Subject: Biology and Life Sciences - Biochemistry and Molecular Biology

1. Introduction

Over the past years, attempts to associate mutated genomic regions to cancer development have been preferentially focused on protein-coding genes as their functional structure is well studied. Nevertheless, most parts of the genome are non-coding regions, representing the vast majority of transcripts, even though not translated, appeared to perform significant roles in cancer and genetic diseases, and their contribution to tumor initiation and progression has been known by genome-wide association and whole genome/exome studies (1-9). However, despite extensive studies on discovering the relationship between DNA sequence and genomic functions for protein-coding genes, this relationship for non-coding genomic regions is less understood. However, it is now well known that non-coding RNAs are able to contribute to various cellular or regulatory activities in the cell, such as regulating gene expression via interaction with other chromatin regulatory proteins (10) function as enhancers (11, 12), and regulate chromatin structure (13-16). Despite various studies on the impact of non-coding somatic mutations occurring in ncRNAs, the role of such non-coding RNAs has remained underexplored in cancer.

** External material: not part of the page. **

(* For a symbolic generalized matrix chain of $n$ matrices, the set of fanning-out variants $\mathcal{E}=\{E^0,E^1,\ldots,E^n\}$ has finite total penalty, i.e. $P(\mathcal{E})=\sup_{\boldsymbol{q}\in\mathbb{N}^{n+1}}P(\mathcal{E},\boldsymbol{q})<\infty$.
   Context: A generalized matrix chain (GMC) is a product $\mathrm{op}(M_1)\cdots\mathrm{op}(M_n)$ where $M_i$ has size $q_{i-1}\times q_i$, $\mathrm{op}(M)\in\{M,M^T,M^{-1},M^{-T}\}$, and each $M_i$ carries a structure (general, symmetric, lower-/upper-triangular; non-general structures imply squareness) and a property (singular, invertible, symmetric positive-definite, orthogonal). The shape is fixed and sizes are symbolic. An instance is $\boldsymbol{q}=(q_0,\ldots,q_n)\in\mathbb{N}^{n+1}$ consistent with the shape ($q_{i-1}=q_i$ whenever $M_i$ is necessarily square, i.e. non-general or inverted); the supremum ranges over such instances. Transposition is ignored. Each parenthesization determines exactly one variant: a sequence of $n-1$ associations $(K_i,(a_i,b_i,c_i))$, $0\le a_i<b_i<c_i\le n$, the $i$-th combining via kernel $K_i$ operands of sizes $q_{a_i}\times q_{b_i}$ and $q_{b_i}\times q_{c_i}$. It is built by performing the leftmost available association first and, per association: propagating an inversion to the result when both operands are inverted ($X^{-1}Y^{-1}=(YX)^{-1}$) or when one operand is inverted and general/symmetric while the other is orthogonal or non-singular triangular; assigning the most specialized matrix-product kernel (GEMM, SYMM, TRMM, SYSYMM, TRSYMM, TRTRMM) or linear-solve kernel (GEGESV, GESYSV, GETRSV, SYGESV, SYSYSV, SYTRSV, POGESV, POSYSV, POTRSV, TRSM, TRSYSV, TRTRSV; the inverted operand is the coefficient matrix); and inferring the features and sizes of the result by fixed rules. $\mathcal{A}$ is the set of all variants (one per parenthesization). The cost (FLOPs) of variant $A$ on $\boldsymbol{q}$ is $T(A,\boldsymbol{q})=\sum_{(K,(a,b,c))\in A}\phi_K(q_a,q_b,q_c)$, where each kernel cost has one of the forms, with positive kernel-specific constants: Type I $\beta abc$; Type IIa $\beta_1a^3+\beta_2a^2c$; Type IIb $\beta_1c^3+\beta_2c^2a$. Type II kernels are exactly the solves with a non-triangular coefficient matrix and general right-hand side (GEGESV: $\beta_1=2/3,\beta_2=2$; SYGESV, POGESV: $\beta_1=1/3,\beta_2=2$), IIa with the coefficient on the left ($a=b$), IIb on the right ($b=c$); all other kernels are Type I. Fanning-out variant $E^h$ ($h\in\{0,\ldots,n\}$): the variant of $(M_1(\cdots(M_{h-1}M_h)\cdots))((\cdots(M_{h+1}M_{h+2})\cdots)M_n)$, computing the prefix $M_1\cdots M_h$ right-to-left, the suffix $M_{h+1}\cdots M_n$ left-to-right, then associating the two results. Penalty: for $\mathcal{Z}\subseteq\mathcal{A}$ nonempty, $P(\mathcal{Z},\boldsymbol{q})=\frac{\min_{Z\in\mathcal{Z}}T(Z,\boldsymbol{q})}{\min_{A\in\mathcal{A}}T(A,\boldsymbol{q})}-1$ (with $P(\emptyset,\boldsymbol{q})=\infty$), and total penalty $P(\mathcal{Z})=\sup_{\boldsymbol{q}}P(\mathcal{Z},\boldsymbol{q})$. *)

theory Defs
  imports Complex_Main
begin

Moreover, the emerging of the next-generation sequencing technologies for identifying cancer driver mutations and cancer-associated genomic regions yields the comprehensive publicly available catalogs of mutations in various cancers provided by ICGC and TCGA consortia. The most widely used methods for prioritizing non-coding genes rely on modeling the mutation rates using mutational catalogs in cancer or viral genomes (6, 17-23). Although helping prioritize non-coding mutated regions such as Introns, UTRs, promoters, and mRNAs, the statistical methods modeling mutation rates fail to be fit for ncRNAs, in particular, long noncoding RNAs (lncRNA) as one of the most important classes of non-coding transcripts involved in many cellular processes which the length of these transcripts are highly variable (200 bp to 100 kb).

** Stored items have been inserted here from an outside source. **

lemma delta_bwd_Cons: "delta_bwd d (c # w) S = {r. \<exists>q\<in>delta_bwd d w S. (r, c, q) \<in> d}"
proof (intro set_eqI iffI)
  fix r assume "r \<in> delta_bwd d (c # w) S"
  then obtain qs where qs: "qs \<in> runs d (c # w)" "hd qs = r" "last qs \<in> S"
    unfolding delta_bwd_def by blast
  from qs(1) obtain q qs' where "qs = q # qs'" "qs' \<in> runs d w" "(q, c, hd qs') \<in> d"
    by (rule runs_ConsE)
  moreover from this qs have "q = r" "last qs' \<in> S" by (simp_all add: runs_nonempty)
  ultimately show "r \<in> {r. \<exists>q\<in>delta_bwd d w S. (r, c, q) \<in> d}"
    unfolding delta_bwd_def by blast
next
  fix r assume "r \<in> {r. \<exists>q\<in>delta_bwd d w S. (r, c, q) \<in> d}"
  then obtain qs where "qs \<in> runs d w" "(r, c, hd qs) \<in> d" "last qs \<in> S"
    unfolding delta_bwd_def by blast
  then have "r # qs \<in> runs d (c # w)" "hd (r # qs) = r" "last (r # qs) \<in> S"
    by (simp_all add: Cons_in_runs_Cons_iff runs_nonempty)
  then show "r \<in> delta_bwd d (c # w) S"
    unfolding delta_bwd_def by blast
qed

lemma delta_bwd_append: "delta_bwd d (u @ v) S = delta_bwd d u (delta_bwd d v S)"
  by (induction u) (auto simp: delta_bwd_Cons delta_bwd_Nil)

lemma delta_fwd_subset: "d \<subseteq> Q \<times> UNIV \<times> Q \<Longrightarrow> S \<subseteq> Q \<Longrightarrow> delta_fwd d S w \<subseteq> Q"
proof (induction w arbitrary: S)
  case (Cons c w)
  then have "{r. \<exists>q\<in>S. (q, c, r) \<in> d} \<subseteq> Q" by blast
  with Cons.IH Cons.prems show ?case by (simp add: delta_fwd_Cons)
qed (simp add: delta_fwd_Nil)

lemma delta_bwd_subset: "d \<subseteq> Q \<times> UNIV \<times> Q \<Longrightarrow> S \<subseteq> Q \<Longrightarrow> delta_bwd d w S \<subseteq> Q"
  by (induction w) (auto simp: delta_bwd_Cons delta_bwd_Nil)

lemma fwd_det_states_subset_Pow:
  "d \<subseteq> Q \<times> UNIV \<times> Q \<Longrightarrow> I \<subseteq> Q \<Longrightarrow> fwd_det_states Sig d I \<subseteq> Pow Q"
  unfolding fwd_det_states_def using delta_fwd_subset by blast

lemma bwd_det_states_subset_Pow:
  "d \<subseteq> Q \<times> UNIV \<times> Q \<Longrightarrow> F \<subseteq> Q \<Longrightarrow> bwd_det_states Sig d F \<subseteq> Pow Q"
  unfolding bwd_det_states_def using delta_bwd_subset by blast

lemma runs_eq_if_deterministic:
  assumes det: "\<And>p c q q'. (p, c, q) \<in> d \<Longrightarrow> (p, c, q') \<in> d \<Longrightarrow> q = q'"
  shows "qs \<in> runs d w \<Longrightarrow> qs' \<in> runs d w \<Longrightarrow> hd qs = hd qs' \<Longrightarrow> qs = qs'"
proof (induction w arbitrary: qs qs')
  case (Cons c w)
  obtain q r where "qs = q # r" "r \<in> runs d w" "(q, c, hd r) \<in> d"
    using Cons.prems(1) by (rule runs_ConsE)
  moreover obtain q' r' where "qs' = q' # r'" "r' \<in> runs d w" "(q', c, hd r') \<in> d"
    using Cons.prems(2) by (rule runs_ConsE)
  ultimately show ?case using Cons det by auto
qed (auto simp: runs_Nil)

definition witness_trans :: "nat \<Rightarrow> nat \<Rightarrow> (nat \<times> nat \<times> nat) set" where
  "witness_trans n a =
     {(q, j, q) | q j. q < n \<and> j < n \<and> q \<noteq> j} \<union> {(x, n + x, a) | x. x < a}
     \<union> {(y, n + x, y) | x y. x < a \<and> a \<le> y \<and> y < n}"

lemma witness_trans_deterministic:
  "(p, c, q) \<in> witness_trans n a \<Longrightarrow> (p, c, q') \<in> witness_trans n a \<Longrightarrow> q = q'"
  unfolding witness_trans_def by auto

This paper introduces a new prioritization pipeline (Figure 1), which takes a set of genomic ranges (e.g., non-coding genes) and a comprehensive mutational catalog associated with various cancers. It provides a prioritized list of genomic ranges that are significantly and recurrently mutated in each cancer. Rather than focusing on modeling mutation rates at the nucleotide level, this method calculates a P-value for each genomic region (e.g., a non-coding gene) accounting to two factors: (1) the level of mutation recurrence in the region among samples and (2) the extent to which the mutations in the region are specific to the samples of the cancer of interest comparing to other cancers. This statistical test can be followed by annotating input genomic regions with various functional assays such as disease-related genomic variants and regulatory features (e.g., chromatin marks, ChromHMM predicted promoters enhancers). The whole pipeline is designed as an R package, SomaGene, to provide an integrative assessment of somatic mutations to obtain a list of candidate genomic regions potentially functional in developing cancer. SomaGene can analyze and prioritize any set of genomic regions such as coding and non-coding genes in cancers.

2. Implementation

Statistical framework

Let

M = {m_{1}, m_{2}, \dots, m_{X}}

, be a set of mutational catalogs for

X

cancers, and

R = \{r_{1}, r_{2}, \dots, r_{Y}\}

be the set of

Y

input genomic regions. Using all mutational catalogs, a p-value for the region

r_{y}

in cancer

x

is calculated using a one-sided Fisher’s exact test with the following contingency table:

Table 1. Contingency table for Fisher’s exact test.

#samples in $m_{x}$ that have a mutation in the region $r_{y}$ .	#samples in $m_{x}$ that do not have a mutation in the region $r_{y}$ .
#samples in all catalogs except $m_{x}$ that have a mutation in the region $r_{y}$ .	#samples in all catalogs except $m_{x}$ that do not have a mutation in the region $r_{y}$ .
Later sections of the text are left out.